Referring to fig. 4, an embodiment of the present invention provides a peak shaver and dispatching system of a power system, including:
the first power generation plan determining module is used for acquiring the hydroelectric power generation amount, determining a first optimization model according to the hydroelectric power generation amount, and determining a first power generation plan according to the first optimization model;
the peak shaving demand determining module is used for determining first peak shaving demands of each preset period of the power system according to the first power generation plan;
the peak regulation capacity determining module is used for determining the first peak regulation capacity of the thermal power unit and the second peak regulation capacity of the hydroelectric power unit;
The peak regulation scheduling and power generation plan adjusting module is used for scheduling the thermal power unit, the hydroelectric power unit and the wind power unit to carry out peak regulation according to the first peak regulation requirement, the first peak regulation capacity and the second peak regulation capacity, and adjusting the first power generation plan according to the peak regulation result to obtain a second power generation plan;
the first optimization model is an optimization model with the minimum depth peak shaving amount as a target.

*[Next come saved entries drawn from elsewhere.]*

(* Let $\Sigma$ and $\Gamma$ be finite alphabets, each with at least two letters, and let $a,b \in \Sigma$ be distinct letters. For every integer $n \ge 2$, $\mathrm{E}_{\mathcal{I}}((ab)^n ba) = 1 + \frac{2}{n-1}$.
   Context: For a nonempty word $v$ and integer $p\ge 0$, $v^{p/|v|}$ denotes the prefix of length $p$ of $vvv\cdots$. For a nonempty finite word $u$, $\mathrm{E}(u) = \sup\{ r \in \mathbb{Q} : u = v^r \text{ for some nonempty word } v\}$. $\mathcal{I}$ is the set of injective morphisms $\Sigma^* \to \Gamma^*$, and for $w\in\Sigma^+$, $\mathrm{E}_{\mathcal{I}}(w) = \sup\{\mathrm{E}(h(w)) : h \in \mathcal{I}\}$. *)

theory Defs
  imports Complex_Main "HOL-Library.Extended_Real" "HOL-Library.Cardinality"
begin

text \<open>Words are lists. For a nonempty word v and p \<ge> 0, v^(p/|v|) is the prefix of
length p of vvv...; p copies of v suffice since |v| \<ge> 1.\<close>
definition word_pow :: "'a list \<Rightarrow> nat \<Rightarrow> 'a list" where
  "word_pow v p = take p (concat (replicate p v))"

definition word_exp :: "'a list \<Rightarrow> real" where
  "word_exp u = Sup {r. \<exists>v p. v \<noteq> [] \<and> r = real p / real (length v) \<and> u = word_pow v p}"

definition morph :: "('a \<Rightarrow> 'b list) \<Rightarrow> 'a list \<Rightarrow> 'b list" where
  "morph f w = concat (map f w)"

definition inj_exp :: "'b itself \<Rightarrow> 'a list \<Rightarrow> ereal" where
  "inj_exp _ w = Sup {ereal (word_exp (morph f w)) | f :: 'a \<Rightarrow> 'b list. inj (morph f)}"

end

theory Submission
  imports Defs "HOL-Library.Countable" "HOL-Library.Sublist" "HOL-Real_Asymp.Real_Asymp"
begin

text \<open>
  Exponents are governed by periods: \<open>E(u) = |u| / q\<close> for the least period \<open>q\<close> of \<open>u\<close>.
  If \<open>h\<close> is injective, \<open>X = h a\<close> and \<open>Y = h b\<close> do not commute. A period \<open>q < (n-1)|XY|\<close>
  of \<open>h((ab)\<^sup>n ba) = (XY)\<^sup>n YX\<close> would combine, by Fine and Wilf, with the period \<open>|XY|\<close> of
  the prefix \<open>(XY)\<^sup>n\<close> into a period of the whole word dividing \<open>|XY|\<close>; comparing the
  first and last \<open>|XY|\<close> letters then gives \<open>XY = YX\<close>. Hence \<open>E(h((ab)\<^sup>n ba)) \<le> (n+1)/(n-1)\<close>.
  Conversely, for \<open>X = x(yx)\<^sup>k\<close> and \<open>Y = yx\<close> the word \<open>(XY)\<^sup>n YX\<close> has period
  \<open>(n-1)|XY| + 2\<close>, and the resulting exponents tend to \<open>(n+1)/(n-1)\<close> as \<open>k \<rightarrow> \<infinity>\<close>;
  such \<open>X\<close> and \<open>Y\<close> are the images of \<open>a\<close> and \<open>b\<close> under a prefix code.
\<close>

definition period :: "'a list \<Rightarrow> nat \<Rightarrow> bool" where
  "period u q \<longleftrightarrow> (\<forall>i. i + q < length u \<longrightarrow> u ! i = u ! (i + q))"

The content in the method embodiment is applicable to the system embodiment, the functions specifically realized by the system embodiment are the same as those of the method embodiment, and the achieved beneficial effects are the same as those of the method embodiment.
Referring to fig. 5, an embodiment of the present invention provides a peak shaver and dispatching device for an electric power system, including:
at least one processor;
at least one memory for storing at least one program;
the at least one program, when executed by the at least one processor, causes the at least one processor to implement a power system peak shaver scheduling method as described above.
The content in the method embodiment is applicable to the embodiment of the device, and the functions specifically realized by the embodiment of the device are the same as those of the method embodiment, and the obtained beneficial effects are the same as those of the method embodiment.
The embodiment of the invention also provides a computer readable storage medium, in which a processor executable program is stored, which when executed by a processor is used for executing the above-mentioned power system peak shaver scheduling method.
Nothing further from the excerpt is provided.